┌──

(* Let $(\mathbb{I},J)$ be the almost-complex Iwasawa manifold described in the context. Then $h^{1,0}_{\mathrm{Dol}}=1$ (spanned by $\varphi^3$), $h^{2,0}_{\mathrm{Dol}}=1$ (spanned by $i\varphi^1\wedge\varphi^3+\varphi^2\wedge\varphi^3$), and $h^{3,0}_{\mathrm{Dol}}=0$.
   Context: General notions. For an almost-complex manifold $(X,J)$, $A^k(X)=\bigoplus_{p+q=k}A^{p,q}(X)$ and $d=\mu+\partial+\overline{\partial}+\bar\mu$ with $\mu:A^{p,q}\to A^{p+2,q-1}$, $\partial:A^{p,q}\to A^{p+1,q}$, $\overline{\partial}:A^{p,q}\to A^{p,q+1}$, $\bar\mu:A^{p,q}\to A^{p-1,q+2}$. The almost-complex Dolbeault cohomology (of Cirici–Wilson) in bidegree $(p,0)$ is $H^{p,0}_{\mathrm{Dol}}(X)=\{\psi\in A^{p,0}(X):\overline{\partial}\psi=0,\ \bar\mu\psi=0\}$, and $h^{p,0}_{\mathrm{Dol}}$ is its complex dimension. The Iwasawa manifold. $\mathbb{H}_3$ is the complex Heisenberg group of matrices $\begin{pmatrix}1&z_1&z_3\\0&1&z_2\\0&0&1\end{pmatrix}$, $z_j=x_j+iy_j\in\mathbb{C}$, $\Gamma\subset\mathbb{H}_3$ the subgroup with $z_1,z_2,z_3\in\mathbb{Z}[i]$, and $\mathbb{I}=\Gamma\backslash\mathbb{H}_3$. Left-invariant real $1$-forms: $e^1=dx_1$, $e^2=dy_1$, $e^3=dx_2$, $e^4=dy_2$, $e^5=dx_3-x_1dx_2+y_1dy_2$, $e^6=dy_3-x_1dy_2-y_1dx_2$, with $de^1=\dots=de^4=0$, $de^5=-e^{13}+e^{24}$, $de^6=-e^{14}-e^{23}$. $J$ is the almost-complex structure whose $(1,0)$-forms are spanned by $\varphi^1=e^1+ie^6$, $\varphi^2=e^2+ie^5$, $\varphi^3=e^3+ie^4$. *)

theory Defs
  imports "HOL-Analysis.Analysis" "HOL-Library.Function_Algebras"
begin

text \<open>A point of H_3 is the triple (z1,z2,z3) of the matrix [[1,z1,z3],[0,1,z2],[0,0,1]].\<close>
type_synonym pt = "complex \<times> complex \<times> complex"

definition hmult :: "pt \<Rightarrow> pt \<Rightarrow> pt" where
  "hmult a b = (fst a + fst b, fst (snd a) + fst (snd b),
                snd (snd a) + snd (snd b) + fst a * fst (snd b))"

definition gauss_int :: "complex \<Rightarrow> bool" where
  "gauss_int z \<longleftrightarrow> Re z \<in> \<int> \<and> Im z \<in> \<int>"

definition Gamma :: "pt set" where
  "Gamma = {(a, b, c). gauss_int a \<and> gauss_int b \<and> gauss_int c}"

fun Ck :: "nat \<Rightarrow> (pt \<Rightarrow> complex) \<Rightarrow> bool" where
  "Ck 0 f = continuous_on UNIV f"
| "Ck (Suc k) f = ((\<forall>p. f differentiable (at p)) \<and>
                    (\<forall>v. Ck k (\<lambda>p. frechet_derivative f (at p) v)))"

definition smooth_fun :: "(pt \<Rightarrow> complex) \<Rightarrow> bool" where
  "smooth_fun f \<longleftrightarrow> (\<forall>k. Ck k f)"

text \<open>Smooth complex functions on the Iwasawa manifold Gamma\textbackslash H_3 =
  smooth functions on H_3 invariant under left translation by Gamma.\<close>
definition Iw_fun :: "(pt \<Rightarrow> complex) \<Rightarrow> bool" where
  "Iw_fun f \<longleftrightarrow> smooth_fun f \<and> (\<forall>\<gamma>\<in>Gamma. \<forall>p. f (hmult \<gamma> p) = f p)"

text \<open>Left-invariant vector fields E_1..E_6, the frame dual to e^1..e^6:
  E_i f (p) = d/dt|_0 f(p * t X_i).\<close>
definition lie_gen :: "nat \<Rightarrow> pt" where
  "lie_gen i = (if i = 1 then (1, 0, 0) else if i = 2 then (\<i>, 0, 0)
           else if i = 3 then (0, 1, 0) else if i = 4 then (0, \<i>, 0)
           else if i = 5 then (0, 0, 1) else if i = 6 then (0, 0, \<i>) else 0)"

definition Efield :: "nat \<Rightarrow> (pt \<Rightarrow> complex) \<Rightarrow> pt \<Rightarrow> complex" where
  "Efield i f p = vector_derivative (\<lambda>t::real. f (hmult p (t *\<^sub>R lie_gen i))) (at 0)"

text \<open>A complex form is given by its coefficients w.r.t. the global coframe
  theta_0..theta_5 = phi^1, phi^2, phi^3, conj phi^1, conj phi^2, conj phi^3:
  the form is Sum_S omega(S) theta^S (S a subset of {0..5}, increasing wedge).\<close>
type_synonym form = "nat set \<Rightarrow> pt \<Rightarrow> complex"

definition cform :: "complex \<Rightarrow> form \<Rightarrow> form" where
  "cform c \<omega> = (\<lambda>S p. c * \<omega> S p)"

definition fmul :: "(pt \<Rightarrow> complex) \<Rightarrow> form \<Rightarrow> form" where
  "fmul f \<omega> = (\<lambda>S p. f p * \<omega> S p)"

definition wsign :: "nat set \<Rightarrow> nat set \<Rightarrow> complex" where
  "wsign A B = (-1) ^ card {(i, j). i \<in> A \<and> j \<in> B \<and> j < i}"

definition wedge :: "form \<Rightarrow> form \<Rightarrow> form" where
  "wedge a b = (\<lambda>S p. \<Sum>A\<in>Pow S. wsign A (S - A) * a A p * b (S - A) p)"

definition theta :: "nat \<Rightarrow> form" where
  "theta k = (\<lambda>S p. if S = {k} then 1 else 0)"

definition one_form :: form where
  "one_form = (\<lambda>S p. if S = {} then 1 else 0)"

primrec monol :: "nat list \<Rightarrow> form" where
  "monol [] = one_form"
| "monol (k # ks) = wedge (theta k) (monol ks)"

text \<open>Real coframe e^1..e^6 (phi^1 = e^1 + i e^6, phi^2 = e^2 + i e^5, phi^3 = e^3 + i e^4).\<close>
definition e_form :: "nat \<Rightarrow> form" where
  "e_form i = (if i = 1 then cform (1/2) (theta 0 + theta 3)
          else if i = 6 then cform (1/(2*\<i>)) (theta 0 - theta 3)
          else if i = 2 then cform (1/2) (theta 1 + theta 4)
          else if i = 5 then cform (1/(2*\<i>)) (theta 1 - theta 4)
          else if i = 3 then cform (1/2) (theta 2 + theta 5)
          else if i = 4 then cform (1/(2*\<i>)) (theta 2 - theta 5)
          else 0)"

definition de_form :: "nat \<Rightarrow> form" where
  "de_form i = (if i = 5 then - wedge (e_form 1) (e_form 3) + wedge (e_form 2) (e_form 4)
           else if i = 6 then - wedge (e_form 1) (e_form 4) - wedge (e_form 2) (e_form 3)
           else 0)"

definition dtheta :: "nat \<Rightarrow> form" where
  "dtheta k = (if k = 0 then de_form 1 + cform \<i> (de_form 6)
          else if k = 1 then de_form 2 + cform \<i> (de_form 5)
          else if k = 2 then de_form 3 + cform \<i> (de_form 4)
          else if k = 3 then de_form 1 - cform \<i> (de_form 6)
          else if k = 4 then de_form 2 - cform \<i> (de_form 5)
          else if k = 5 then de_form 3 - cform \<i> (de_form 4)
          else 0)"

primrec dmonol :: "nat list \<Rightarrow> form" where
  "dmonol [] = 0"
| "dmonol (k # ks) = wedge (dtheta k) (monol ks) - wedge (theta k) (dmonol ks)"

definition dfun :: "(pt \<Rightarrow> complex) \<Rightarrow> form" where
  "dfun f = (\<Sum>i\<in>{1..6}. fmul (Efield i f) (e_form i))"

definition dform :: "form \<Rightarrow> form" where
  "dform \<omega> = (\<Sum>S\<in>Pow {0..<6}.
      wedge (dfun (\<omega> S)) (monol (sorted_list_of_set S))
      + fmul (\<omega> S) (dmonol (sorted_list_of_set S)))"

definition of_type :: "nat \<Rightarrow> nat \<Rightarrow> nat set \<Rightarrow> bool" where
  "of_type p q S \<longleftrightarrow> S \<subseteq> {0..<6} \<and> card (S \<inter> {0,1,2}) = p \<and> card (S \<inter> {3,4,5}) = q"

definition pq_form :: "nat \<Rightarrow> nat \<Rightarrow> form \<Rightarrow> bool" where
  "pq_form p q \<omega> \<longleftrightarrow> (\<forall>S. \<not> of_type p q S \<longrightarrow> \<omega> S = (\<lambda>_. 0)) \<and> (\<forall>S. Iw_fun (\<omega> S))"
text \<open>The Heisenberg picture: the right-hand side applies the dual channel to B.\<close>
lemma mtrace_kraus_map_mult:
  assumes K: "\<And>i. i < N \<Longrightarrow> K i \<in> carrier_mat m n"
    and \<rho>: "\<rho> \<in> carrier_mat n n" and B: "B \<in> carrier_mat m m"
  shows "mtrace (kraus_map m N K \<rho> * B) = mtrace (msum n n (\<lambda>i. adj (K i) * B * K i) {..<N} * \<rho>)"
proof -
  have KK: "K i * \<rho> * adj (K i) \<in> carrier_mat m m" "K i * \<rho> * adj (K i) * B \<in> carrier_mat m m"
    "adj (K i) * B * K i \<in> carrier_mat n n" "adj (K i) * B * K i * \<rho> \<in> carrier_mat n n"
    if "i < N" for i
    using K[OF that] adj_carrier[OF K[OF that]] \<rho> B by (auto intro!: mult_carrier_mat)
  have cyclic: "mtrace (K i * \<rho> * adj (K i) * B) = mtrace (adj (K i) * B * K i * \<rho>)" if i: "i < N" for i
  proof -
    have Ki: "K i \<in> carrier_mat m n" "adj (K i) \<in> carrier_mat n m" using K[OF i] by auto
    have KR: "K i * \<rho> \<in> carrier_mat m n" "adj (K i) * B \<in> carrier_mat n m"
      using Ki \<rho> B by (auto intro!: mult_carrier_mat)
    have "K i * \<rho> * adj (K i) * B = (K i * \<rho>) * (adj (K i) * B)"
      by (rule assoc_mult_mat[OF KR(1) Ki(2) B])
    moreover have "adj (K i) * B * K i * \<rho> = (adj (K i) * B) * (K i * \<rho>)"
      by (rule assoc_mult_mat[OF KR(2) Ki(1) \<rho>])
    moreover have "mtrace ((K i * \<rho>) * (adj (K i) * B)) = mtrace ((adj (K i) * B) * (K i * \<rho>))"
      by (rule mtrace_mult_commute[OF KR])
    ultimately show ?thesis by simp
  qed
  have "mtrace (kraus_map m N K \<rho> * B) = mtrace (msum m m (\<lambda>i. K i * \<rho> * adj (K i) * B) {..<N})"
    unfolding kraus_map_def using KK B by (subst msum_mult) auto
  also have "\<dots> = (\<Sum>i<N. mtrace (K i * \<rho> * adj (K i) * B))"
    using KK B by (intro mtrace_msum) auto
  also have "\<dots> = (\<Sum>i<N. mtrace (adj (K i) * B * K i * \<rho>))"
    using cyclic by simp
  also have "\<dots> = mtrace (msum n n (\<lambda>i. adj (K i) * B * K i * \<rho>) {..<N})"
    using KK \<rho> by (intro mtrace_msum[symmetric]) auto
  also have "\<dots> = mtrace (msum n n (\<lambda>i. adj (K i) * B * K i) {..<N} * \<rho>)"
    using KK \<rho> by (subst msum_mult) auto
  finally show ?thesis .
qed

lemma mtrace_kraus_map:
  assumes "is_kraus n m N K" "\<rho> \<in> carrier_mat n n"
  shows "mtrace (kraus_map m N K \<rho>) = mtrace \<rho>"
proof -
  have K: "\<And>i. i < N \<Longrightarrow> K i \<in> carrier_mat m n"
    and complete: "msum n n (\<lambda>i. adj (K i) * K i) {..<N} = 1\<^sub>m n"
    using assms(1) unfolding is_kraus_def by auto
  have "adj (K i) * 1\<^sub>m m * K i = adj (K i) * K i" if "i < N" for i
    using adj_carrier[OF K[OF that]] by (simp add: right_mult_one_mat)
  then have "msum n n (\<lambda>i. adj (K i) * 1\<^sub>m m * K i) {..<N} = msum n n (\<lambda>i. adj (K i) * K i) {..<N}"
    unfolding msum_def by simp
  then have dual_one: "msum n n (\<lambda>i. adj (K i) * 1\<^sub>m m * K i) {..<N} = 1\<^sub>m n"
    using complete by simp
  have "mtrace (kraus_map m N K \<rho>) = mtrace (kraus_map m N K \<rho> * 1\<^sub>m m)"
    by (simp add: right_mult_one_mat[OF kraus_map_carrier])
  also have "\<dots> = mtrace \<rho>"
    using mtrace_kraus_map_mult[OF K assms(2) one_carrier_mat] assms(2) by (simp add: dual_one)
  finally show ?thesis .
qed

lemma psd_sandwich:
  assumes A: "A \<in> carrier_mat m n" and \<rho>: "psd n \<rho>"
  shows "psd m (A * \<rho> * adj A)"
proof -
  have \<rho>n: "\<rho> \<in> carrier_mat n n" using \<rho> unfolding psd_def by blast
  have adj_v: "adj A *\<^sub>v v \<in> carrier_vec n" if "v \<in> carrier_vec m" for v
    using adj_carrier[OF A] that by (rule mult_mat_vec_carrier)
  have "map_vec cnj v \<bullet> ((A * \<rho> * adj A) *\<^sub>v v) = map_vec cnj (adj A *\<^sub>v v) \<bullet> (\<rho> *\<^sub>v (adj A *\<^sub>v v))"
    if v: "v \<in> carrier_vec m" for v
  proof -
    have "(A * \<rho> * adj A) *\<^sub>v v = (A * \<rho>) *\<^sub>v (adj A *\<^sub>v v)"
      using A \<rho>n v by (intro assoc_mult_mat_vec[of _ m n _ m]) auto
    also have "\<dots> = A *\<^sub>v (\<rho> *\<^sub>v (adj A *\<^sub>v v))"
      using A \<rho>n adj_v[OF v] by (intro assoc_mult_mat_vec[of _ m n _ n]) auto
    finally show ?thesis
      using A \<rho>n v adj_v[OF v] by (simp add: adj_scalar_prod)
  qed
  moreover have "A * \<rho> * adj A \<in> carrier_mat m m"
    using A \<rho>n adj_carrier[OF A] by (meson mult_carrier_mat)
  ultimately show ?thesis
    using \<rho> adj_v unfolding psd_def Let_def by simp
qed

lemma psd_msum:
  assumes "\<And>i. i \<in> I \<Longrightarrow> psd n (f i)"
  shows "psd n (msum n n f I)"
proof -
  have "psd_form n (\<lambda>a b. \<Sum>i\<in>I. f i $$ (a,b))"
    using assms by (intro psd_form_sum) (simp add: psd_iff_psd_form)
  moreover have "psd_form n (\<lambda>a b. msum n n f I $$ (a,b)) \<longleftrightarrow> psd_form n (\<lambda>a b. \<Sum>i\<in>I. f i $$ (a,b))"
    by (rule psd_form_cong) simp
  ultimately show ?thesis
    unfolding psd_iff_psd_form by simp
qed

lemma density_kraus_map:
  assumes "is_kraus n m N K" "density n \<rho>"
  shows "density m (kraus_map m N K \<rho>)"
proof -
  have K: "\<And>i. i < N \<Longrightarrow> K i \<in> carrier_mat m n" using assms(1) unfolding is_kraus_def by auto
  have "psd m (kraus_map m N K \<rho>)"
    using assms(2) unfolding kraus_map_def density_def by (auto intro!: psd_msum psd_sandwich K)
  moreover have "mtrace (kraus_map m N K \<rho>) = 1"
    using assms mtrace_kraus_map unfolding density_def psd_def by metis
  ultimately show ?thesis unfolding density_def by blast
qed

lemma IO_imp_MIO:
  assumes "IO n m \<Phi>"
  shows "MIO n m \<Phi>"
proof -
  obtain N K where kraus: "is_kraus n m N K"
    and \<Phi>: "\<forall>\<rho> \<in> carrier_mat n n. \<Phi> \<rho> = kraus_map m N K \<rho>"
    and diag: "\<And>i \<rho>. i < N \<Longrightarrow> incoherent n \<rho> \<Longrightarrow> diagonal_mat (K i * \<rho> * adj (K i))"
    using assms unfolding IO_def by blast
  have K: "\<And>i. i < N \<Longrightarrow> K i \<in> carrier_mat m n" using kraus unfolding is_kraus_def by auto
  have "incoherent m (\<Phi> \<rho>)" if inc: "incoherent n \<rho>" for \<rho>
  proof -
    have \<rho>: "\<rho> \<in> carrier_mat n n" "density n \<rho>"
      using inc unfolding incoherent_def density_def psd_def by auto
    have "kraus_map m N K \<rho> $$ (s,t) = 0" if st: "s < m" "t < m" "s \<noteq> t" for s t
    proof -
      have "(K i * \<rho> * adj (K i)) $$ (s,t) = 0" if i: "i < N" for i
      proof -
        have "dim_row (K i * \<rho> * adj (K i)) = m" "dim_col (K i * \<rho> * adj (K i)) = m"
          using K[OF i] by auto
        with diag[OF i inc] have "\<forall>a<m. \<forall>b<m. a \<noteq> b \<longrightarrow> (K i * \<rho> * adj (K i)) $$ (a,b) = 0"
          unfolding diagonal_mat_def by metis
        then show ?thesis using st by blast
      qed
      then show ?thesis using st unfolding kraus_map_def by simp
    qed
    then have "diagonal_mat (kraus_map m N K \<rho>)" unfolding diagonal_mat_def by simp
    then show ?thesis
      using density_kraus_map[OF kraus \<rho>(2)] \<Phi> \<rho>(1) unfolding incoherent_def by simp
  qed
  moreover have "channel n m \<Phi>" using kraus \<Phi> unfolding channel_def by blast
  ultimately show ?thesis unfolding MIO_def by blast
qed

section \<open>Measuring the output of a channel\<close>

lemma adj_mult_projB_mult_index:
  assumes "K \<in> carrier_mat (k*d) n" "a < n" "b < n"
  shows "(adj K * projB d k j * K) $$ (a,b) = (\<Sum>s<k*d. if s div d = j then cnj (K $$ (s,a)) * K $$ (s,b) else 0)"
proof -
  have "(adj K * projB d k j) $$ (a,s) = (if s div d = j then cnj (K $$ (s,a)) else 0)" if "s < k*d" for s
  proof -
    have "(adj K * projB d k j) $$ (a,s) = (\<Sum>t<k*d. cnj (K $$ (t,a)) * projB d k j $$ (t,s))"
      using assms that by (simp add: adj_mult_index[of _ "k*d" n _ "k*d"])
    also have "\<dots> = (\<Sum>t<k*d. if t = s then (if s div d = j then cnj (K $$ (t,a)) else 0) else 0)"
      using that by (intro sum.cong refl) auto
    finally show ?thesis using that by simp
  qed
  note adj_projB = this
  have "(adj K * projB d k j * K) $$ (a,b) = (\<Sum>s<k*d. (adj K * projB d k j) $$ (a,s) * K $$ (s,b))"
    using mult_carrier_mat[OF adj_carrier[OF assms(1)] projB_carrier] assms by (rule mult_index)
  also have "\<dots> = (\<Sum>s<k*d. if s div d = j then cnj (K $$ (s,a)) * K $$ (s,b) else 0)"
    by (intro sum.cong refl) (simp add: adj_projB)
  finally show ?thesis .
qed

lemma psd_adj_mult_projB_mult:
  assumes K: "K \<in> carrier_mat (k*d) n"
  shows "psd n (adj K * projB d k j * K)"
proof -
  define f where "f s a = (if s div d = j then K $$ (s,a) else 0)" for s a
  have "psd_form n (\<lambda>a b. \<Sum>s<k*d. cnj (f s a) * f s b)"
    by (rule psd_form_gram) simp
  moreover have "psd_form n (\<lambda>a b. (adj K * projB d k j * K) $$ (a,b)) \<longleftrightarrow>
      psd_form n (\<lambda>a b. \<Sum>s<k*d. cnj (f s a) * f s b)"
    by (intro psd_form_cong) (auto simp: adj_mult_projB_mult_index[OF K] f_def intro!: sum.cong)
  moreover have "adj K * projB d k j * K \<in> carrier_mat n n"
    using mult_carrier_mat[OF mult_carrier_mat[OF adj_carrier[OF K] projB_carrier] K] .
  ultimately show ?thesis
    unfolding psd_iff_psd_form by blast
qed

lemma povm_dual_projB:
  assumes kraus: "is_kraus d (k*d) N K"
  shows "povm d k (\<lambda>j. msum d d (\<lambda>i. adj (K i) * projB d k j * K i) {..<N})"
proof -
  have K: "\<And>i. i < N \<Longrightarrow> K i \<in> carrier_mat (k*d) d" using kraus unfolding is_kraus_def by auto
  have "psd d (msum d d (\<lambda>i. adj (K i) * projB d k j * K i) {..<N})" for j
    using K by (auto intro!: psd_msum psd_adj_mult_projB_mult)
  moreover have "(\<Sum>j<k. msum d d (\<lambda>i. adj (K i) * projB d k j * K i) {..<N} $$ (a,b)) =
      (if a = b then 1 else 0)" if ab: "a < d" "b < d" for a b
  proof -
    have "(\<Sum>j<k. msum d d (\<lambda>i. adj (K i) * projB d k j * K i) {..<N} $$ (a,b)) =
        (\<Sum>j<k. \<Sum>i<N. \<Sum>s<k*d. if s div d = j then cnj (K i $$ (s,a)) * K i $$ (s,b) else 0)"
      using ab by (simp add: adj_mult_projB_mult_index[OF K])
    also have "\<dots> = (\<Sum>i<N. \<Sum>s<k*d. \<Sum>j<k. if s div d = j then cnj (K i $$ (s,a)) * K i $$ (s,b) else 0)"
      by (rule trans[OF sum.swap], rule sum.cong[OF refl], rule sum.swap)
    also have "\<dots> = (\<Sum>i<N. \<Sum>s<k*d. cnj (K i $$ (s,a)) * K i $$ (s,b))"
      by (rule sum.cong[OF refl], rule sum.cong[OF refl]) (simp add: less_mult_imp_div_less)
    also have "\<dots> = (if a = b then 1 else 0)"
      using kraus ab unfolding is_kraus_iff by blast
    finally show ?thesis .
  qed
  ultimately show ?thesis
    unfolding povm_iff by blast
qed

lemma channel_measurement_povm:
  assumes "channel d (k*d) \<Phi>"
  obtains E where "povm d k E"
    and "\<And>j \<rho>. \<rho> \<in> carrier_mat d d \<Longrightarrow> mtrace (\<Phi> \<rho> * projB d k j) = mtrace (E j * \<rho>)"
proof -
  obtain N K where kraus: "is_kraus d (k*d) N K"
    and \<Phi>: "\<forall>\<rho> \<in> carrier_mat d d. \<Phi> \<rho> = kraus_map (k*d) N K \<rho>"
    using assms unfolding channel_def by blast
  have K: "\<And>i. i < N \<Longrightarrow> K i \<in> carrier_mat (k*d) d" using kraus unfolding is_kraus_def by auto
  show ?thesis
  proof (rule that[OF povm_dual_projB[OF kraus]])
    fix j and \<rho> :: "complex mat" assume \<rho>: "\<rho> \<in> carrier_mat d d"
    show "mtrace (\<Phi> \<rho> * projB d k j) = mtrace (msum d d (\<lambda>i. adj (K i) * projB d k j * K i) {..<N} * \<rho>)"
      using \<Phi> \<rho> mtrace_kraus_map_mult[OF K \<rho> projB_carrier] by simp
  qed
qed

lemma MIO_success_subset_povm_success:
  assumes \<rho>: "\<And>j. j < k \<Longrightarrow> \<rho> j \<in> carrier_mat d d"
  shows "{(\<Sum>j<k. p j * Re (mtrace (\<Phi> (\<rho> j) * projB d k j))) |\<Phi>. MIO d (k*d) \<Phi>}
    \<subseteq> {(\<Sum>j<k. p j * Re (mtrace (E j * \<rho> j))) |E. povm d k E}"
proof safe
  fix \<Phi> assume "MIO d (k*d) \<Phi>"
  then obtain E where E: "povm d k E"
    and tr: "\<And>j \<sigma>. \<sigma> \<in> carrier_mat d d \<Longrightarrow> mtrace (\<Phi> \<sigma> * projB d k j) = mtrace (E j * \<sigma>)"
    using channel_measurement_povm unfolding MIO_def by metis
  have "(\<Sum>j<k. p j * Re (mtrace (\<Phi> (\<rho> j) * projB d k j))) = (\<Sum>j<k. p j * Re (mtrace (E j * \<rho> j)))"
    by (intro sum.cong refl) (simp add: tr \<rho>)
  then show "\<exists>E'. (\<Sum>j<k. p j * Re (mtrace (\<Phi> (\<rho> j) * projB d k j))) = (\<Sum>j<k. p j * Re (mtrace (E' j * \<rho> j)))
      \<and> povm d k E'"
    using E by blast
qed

└──

▸ Aim of the task
Respond with only the number of lines in the records that include the word "Efield".

▸ Result for this task
3